By Brenda Buchanan
By the luck of the draw my February post falls three days after Valentine’s Day, but I’ll tell you a love story anyway.
Seventy-four years ago, these crazy kids eloped.
On the left are my folks, William “Buck” Buchanan and Irene Kane Buchanan. He was 22. She was 20.
The other two are Sis and B.G., their friends who also eloped that day. It was February 14, 1942 and love was in the air, intensified by the knowledge that both men were about to be shipped overseas.
My father and B.G. were members of the United States Army’s First Infantry Division—known as the Big Red One—training at Fort Devens in Central Massachusetts. My parents met on the base, where Mom had a war-time job delivering mail. She was vivacious young woman, the fifth of six children raised by Irish Catholic immigrants in a nearby mill town. Her mail delivery gig involved zipping around Fort Devens on a motorcycle with a sidecar, and it’s no surprise she caught my father’s attention. Mom was an auburn-haired looker with a fun-loving personality. I never got a satisfactory answer about what most attracted her Dad, but I think it was his soft spoken manner and big heart. Or perhaps those beautiful brown eyes.
They’d been a steady couple since the previous year, but Mom had never brought him home to meet her father. She knew better. My father had been raised Methodist in Western North Carolina/East Tennessee, but he may as well have come from the moon as far as my tough-minded grandfather was concerned. John Austin Kane’s wife had died of cancer years earlier and his eldest daughter had joined the convent. He was not about to allow his next daughter to marry someone who wasn’t Catholic.
So Irene and her handsome Buck eloped, together with their friends. In a double wedding ceremony at a nearby Catholic church where each couple served as the other’s maid of honor and best man, they pledged their eternal love. Then my folks took the train to New York City for a weekend honeymoon, thrilled to have defied the forces that attempted to put a brake on their love.

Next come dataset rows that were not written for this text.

(* Let $K\ge2$, $r\in[0,1]^K$, $a^*\in\arg\max_{a\in[K]}r(a)$, and $\Delta := r(a^* )-\max_{a\ne a^*}r(a)$. Then for any probability vector $\pi$ on $[K]$, $$\sum_{i=1}^K\pi(i)^2\left|r(i)-\pi^\top r\right|^3\ge\frac{\Delta}{K-1}\,\pi(a^* )^2\left(r(a^* )-\pi^\top r\right)^2.$$ *)

theory Defs
  imports Main "HOL.Real"
begin

end

theory Submission
  imports Defs "HOL-Analysis.Convex"
begin

text \<open>Write \<open>m\<close> for the \<open>\<pi>\<close>-mean of \<open>r\<close>, \<open>d = r(a\<^sup>*) - m \<ge> 0\<close> and \<open>p = \<pi>(a\<^sup>*)\<close>.
  Since the deviations \<open>r(i) - m\<close> have \<open>\<pi>\<close>-mean zero, \<open>p d\<close> equals the sum of \<open>\<pi>(i) (m - r(i))\<close>
  over the \<open>K - 1\<close> suboptimal arms, so by Cauchy-Schwarz their squares sum to at least
  \<open>p\<^sup>2 d\<^sup>2 / (K - 1)\<close>. Each suboptimal arm lies at distance at least \<open>\<Delta> - d\<close> below \<open>m\<close>, so its
  cubed deviation is at least \<open>max (\<Delta> - d) 0\<close> times its squared deviation, while the optimal
  arm contributes \<open>p\<^sup>2 d\<^sup>3 \<ge> d p\<^sup>2 d\<^sup>2 / (K - 1)\<close>. Adding up, the left-hand side is at least
  \<open>(max (\<Delta> - d) 0 + d) p\<^sup>2 d\<^sup>2 / (K - 1) \<ge> \<Delta> p\<^sup>2 d\<^sup>2 / (K - 1)\<close>.\<close>

lemma max_0_mult_square_le_abs_cube:
  fixes c x :: real
  assumes "c \<le> x"
  shows "max c 0 * x\<^sup>2 \<le> \<bar>x\<bar>^3"
proof (cases "c \<le> 0")
  case False
  then have "c * x\<^sup>2 \<le> x * x\<^sup>2"
    using assms by (intro mult_right_mono) auto
  with False assms show ?thesis
    by (simp add: power2_eq_square power3_eq_cube)
qed simp

lemma divide_of_nat_le_self:
  fixes x :: real
  assumes "0 \<le> x"
  shows "x / of_nat k \<le> x"
  using assms by (cases k) (simp_all add: divide_le_eq mult_le_cancel_left1)

lemma weighted_mean_le:
  fixes \<pi> r :: "'a \<Rightarrow> real"
  assumes "\<And>i. i \<in> A \<Longrightarrow> 0 \<le> \<pi> i" and "sum \<pi> A = 1"
    and "\<And>i. i \<in> A \<Longrightarrow> r i \<le> b"
  shows "(\<Sum>i\<in>A. \<pi> i * r i) \<le> b"
proof -
  have "(\<Sum>i\<in>A. \<pi> i * r i) \<le> (\<Sum>i\<in>A. \<pi> i * b)"
    using assms by (intro sum_mono mult_left_mono) auto
  also have "\<dots> = b"
    using assms(2) by (simp flip: sum_distrib_right)
  finally show ?thesis .
qed

lemma weighted_mean_gap_eq_sum_others:
  fixes A :: "'a set" and \<pi> r :: "'a \<Rightarrow> real"
  defines "m \<equiv> \<Sum>j\<in>A. \<pi> j * r j"
  assumes "finite A" and "a \<in> A" and "sum \<pi> A = 1"
  shows "\<pi> a * (r a - m) = (\<Sum>i\<in>A - {a}. \<pi> i * (m - r i))"
proof -
  have "(\<Sum>i\<in>A. \<pi> i * (r i - m)) = 0"
    using assms by (simp add: right_diff_distrib sum_subtractf flip: sum_distrib_right)
  with assms(2,3) show ?thesis
    by (simp add: sum.remove right_diff_distrib sum_subtractf algebra_simps)
qed

lemma weighted_cubic_deviation_ge:
  fixes A :: "'a set" and \<pi> r :: "'a \<Rightarrow> real"
  defines "m \<equiv> \<Sum>j\<in>A. \<pi> j * r j"
  assumes "finite A" and "a \<in> A"
    and "\<And>i. i \<in> A \<Longrightarrow> 0 \<le> \<pi> i" and "sum \<pi> A = 1"
    and "\<And>i. i \<in> A \<Longrightarrow> r i \<le> r a"
    and "\<And>i. i \<in> A - {a} \<Longrightarrow> r i \<le> M"
  shows "(r a - M) / real (card A - 1) * (\<pi> a)\<^sup>2 * (r a - m)\<^sup>2
           \<le> (\<Sum>i\<in>A. (\<pi> i)\<^sup>2 * \<bar>r i - m\<bar>^3)"
proof -
  define p d c where "p = \<pi> a" and "d = r a - m" and "c = max (r a - M - d) 0"
  define q where "q = p\<^sup>2 * d\<^sup>2 / real (card A - 1)"
  have "m \<le> r a"
    unfolding m_def using assms(3-6) by (intro weighted_mean_le) auto
  then have "0 \<le> d"
    by (simp add: d_def)
  have "q \<ge> 0"
    by (simp add: q_def)
  have "(p * d)\<^sup>2 \<le> (\<Sum>i\<in>A - {a}. (\<pi> i * (m - r i))\<^sup>2) * real (card A - 1)"
    using weighted_mean_gap_eq_sum_others[of A a \<pi> r] sum_squared_le_sum_of_squares[of _ "A - {a}"]
      assms(2,3,5)
    by (simp add: p_def d_def m_def)
  then have cauchy_schwarz: "q \<le> (\<Sum>i\<in>A - {a}. (\<pi> i * (m - r i))\<^sup>2)"
    by (cases "card A - 1 = 0") (simp_all add: q_def pos_divide_le_eq power_mult_distrib sum_nonneg)
  have "c * q \<le> (\<Sum>i\<in>A - {a}. c * (\<pi> i * (m - r i))\<^sup>2)"
    using cauchy_schwarz by (simp add: c_def mult_left_mono flip: sum_distrib_left)
  also have "\<dots> \<le> (\<Sum>i\<in>A - {a}. (\<pi> i)\<^sup>2 * \<bar>r i - m\<bar>^3)"
  proof (intro sum_mono)
    fix i assume "i \<in> A - {a}"
    then have "max (r a - M - d) 0 * (m - r i)\<^sup>2 \<le> \<bar>m - r i\<bar>^3"
      using assms(7) by (intro max_0_mult_square_le_abs_cube) (auto simp: d_def)
    then show "c * (\<pi> i * (m - r i))\<^sup>2 \<le> (\<pi> i)\<^sup>2 * \<bar>r i - m\<bar>^3"
      using mult_left_mono[OF _ zero_le_power2[of "\<pi> i"]]
      by (simp add: c_def power_mult_distrib abs_minus_commute mult.left_commute)
  qed
  finally have others: "c * q \<le> (\<Sum>i\<in>A - {a}. (\<pi> i)\<^sup>2 * \<bar>r i - m\<bar>^3)" .
  have "q \<le> p\<^sup>2 * d\<^sup>2"
    unfolding q_def by (rule divide_of_nat_le_self) simp
  then have "d * q \<le> d * (p\<^sup>2 * d\<^sup>2)"
    using \<open>0 \<le> d\<close> by (rule mult_left_mono)
  then have optimal: "d * q \<le> p\<^sup>2 * \<bar>d\<bar>^3"
    using \<open>0 \<le> d\<close> by (simp add: power2_eq_square power3_eq_cube mult_ac)
  have "(r a - M) * q \<le> (c + d) * q"
    using \<open>q \<ge> 0\<close> by (intro mult_right_mono) (auto simp: c_def)
  also have "\<dots> \<le> p\<^sup>2 * \<bar>d\<bar>^3 + (\<Sum>i\<in>A - {a}. (\<pi> i)\<^sup>2 * \<bar>r i - m\<bar>^3)"
    using others optimal by (simp add: distrib_right)
  also have "\<dots> = (\<Sum>i\<in>A. (\<pi> i)\<^sup>2 * \<bar>r i - m\<bar>^3)"
    using assms(2,3) by (simp add: sum.remove p_def d_def abs_minus_commute)
  finally show ?thesis
    by (simp add: q_def p_def d_def)
qed

theorem lemma16:
  fixes K :: nat and r \<pi> :: "nat \<Rightarrow> real" and astar :: nat
  assumes "K \<ge> 2"
    and "\<And>a. a \<in> {1..K} \<Longrightarrow> 0 \<le> r a \<and> r a \<le> 1"
    and "astar \<in> {1..K}"
    and "\<And>a. a \<in> {1..K} \<Longrightarrow> r a \<le> r astar"
    and "\<And>i. i \<in> {1..K} \<Longrightarrow> \<pi> i \<ge> 0"
    and "(\<Sum>i=1..K. \<pi> i) = 1"
  shows "(\<Sum>i=1..K. (\<pi> i)^2 * \<bar>r i - (\<Sum>j=1..K. \<pi> j * r j)\<bar>^3)
     \<ge> (r astar - Max {r a | a. a \<in> {1..K} \<and> a \<noteq> astar}) / real (K - 1)
        * (\<pi> astar)^2 * (r astar - (\<Sum>j=1..K. \<pi> j * r j))^2"
proof -
  have "{r a | a. a \<in> {1..K} \<and> a \<noteq> astar} = r ` ({1..K} - {astar})"
    by auto
  then have "\<And>i. i \<in> {1..K} - {astar} \<Longrightarrow> r i \<le> Max {r a | a. a \<in> {1..K} \<and> a \<noteq> astar}"
    by simp
  with assms(3-6) show ?thesis
    using weighted_cubic_deviation_ge[of "{1..K}" astar \<pi> r] by simp
qed

end
lemma sum_card_graphs_with_star:
  assumes "finite T"
  shows "(\<Sum>A | A \<subseteq> T \<and> card A = r. card (graphs_with_star n d v A))
       = (\<Sum>E\<in>graphs_with_degrees n d. card (neighbours E v \<inter> T) choose r)"
proof -
  let ?G = "graphs_with_degrees n d" and ?F = "{A. A \<subseteq> T \<and> card A = r}"
  have "finite ?F" using assms by simp
  have card_filter: "card {x\<in>X. P x} = (\<Sum>x\<in>X. if P x then 1 else 0)" if "finite X" for X :: "'b set" and P
    using that by (simp flip: sum.inter_filter)
  have "(\<Sum>A\<in>?F. card (graphs_with_star n d v A)) = (\<Sum>A\<in>?F. \<Sum>E\<in>?G. if A \<subseteq> neighbours E v then 1 else 0)"
    unfolding graphs_with_star_def by (simp only: card_filter[OF finite_graphs_with_degrees])
  also have "\<dots> = (\<Sum>E\<in>?G. \<Sum>A\<in>?F. if A \<subseteq> neighbours E v then 1 else 0)"
    by (rule sum.swap)
  also have "\<dots> = (\<Sum>E\<in>?G. card {A\<in>?F. A \<subseteq> neighbours E v})"
    by (simp only: card_filter[OF \<open>finite ?F\<close>])
  also have "\<dots> = (\<Sum>E\<in>?G. card (neighbours E v \<inter> T) choose r)"
  proof (rule sum.cong[OF refl])
    fix E
    have "{A\<in>?F. A \<subseteq> neighbours E v} = {A. A \<subseteq> neighbours E v \<inter> T \<and> card A = r}" by auto
    moreover have "card {A. A \<subseteq> neighbours E v \<inter> T \<and> card A = r} = card (neighbours E v \<inter> T) choose r"
      using assms by (intro n_subsets) simp
    ultimately show "card {A\<in>?F. A \<subseteq> neighbours E v} = card (neighbours E v \<inter> T) choose r"
      by metis
  qed
  finally show ?thesis .
qed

On Sunday they returned to my mother’s hometown of Fitchburg and walked from the train station to my grandfather’s house. There my dad met his father-in-law for the first time, a meeting that reportedly went quite well. Dad already had converted to Catholicism, which must have helped, but I expect it was his quiet confidence that won my stubborn Irish grandfather over. That, and my mother’s evident love for her new husband.
He got his orders that spring, landing first in Tunisia, then Sicily, and finally England, where the Big Red One (“the point on the spear at Omaha Beach”) prepared for D-Day. Six days after that historic invasion my father was involved in a firefight in the Cerisy Forest that earned him a Silver Star for valor.
As proud as I’m sure my mother was of his medals, she must have lived with her heart in her throat in those first years of their marriage, praying for him to come home in one piece.
That finally happened in mid-1945. They settled down in her hometown of Fitchburg, built a small business together and raised four kids.
They were getting ready to celebrate their 50th wedding anniversary on Valentine’s Day in 1992 when my father fell suddenly, seriously ill. Seven weeks later he died at the age of 72, having had the opportunity to say goodbye to his children and grandchildren (though one was subsequently born) and most importantly, to his beloved wife.
She is 94 now, and her illness makes it difficult for her to communicate. But on Sunday, when my sister told her that it was Valentine’s Day—her 74th anniversary—a wave of emotion washed over Mom’s still-beautiful face.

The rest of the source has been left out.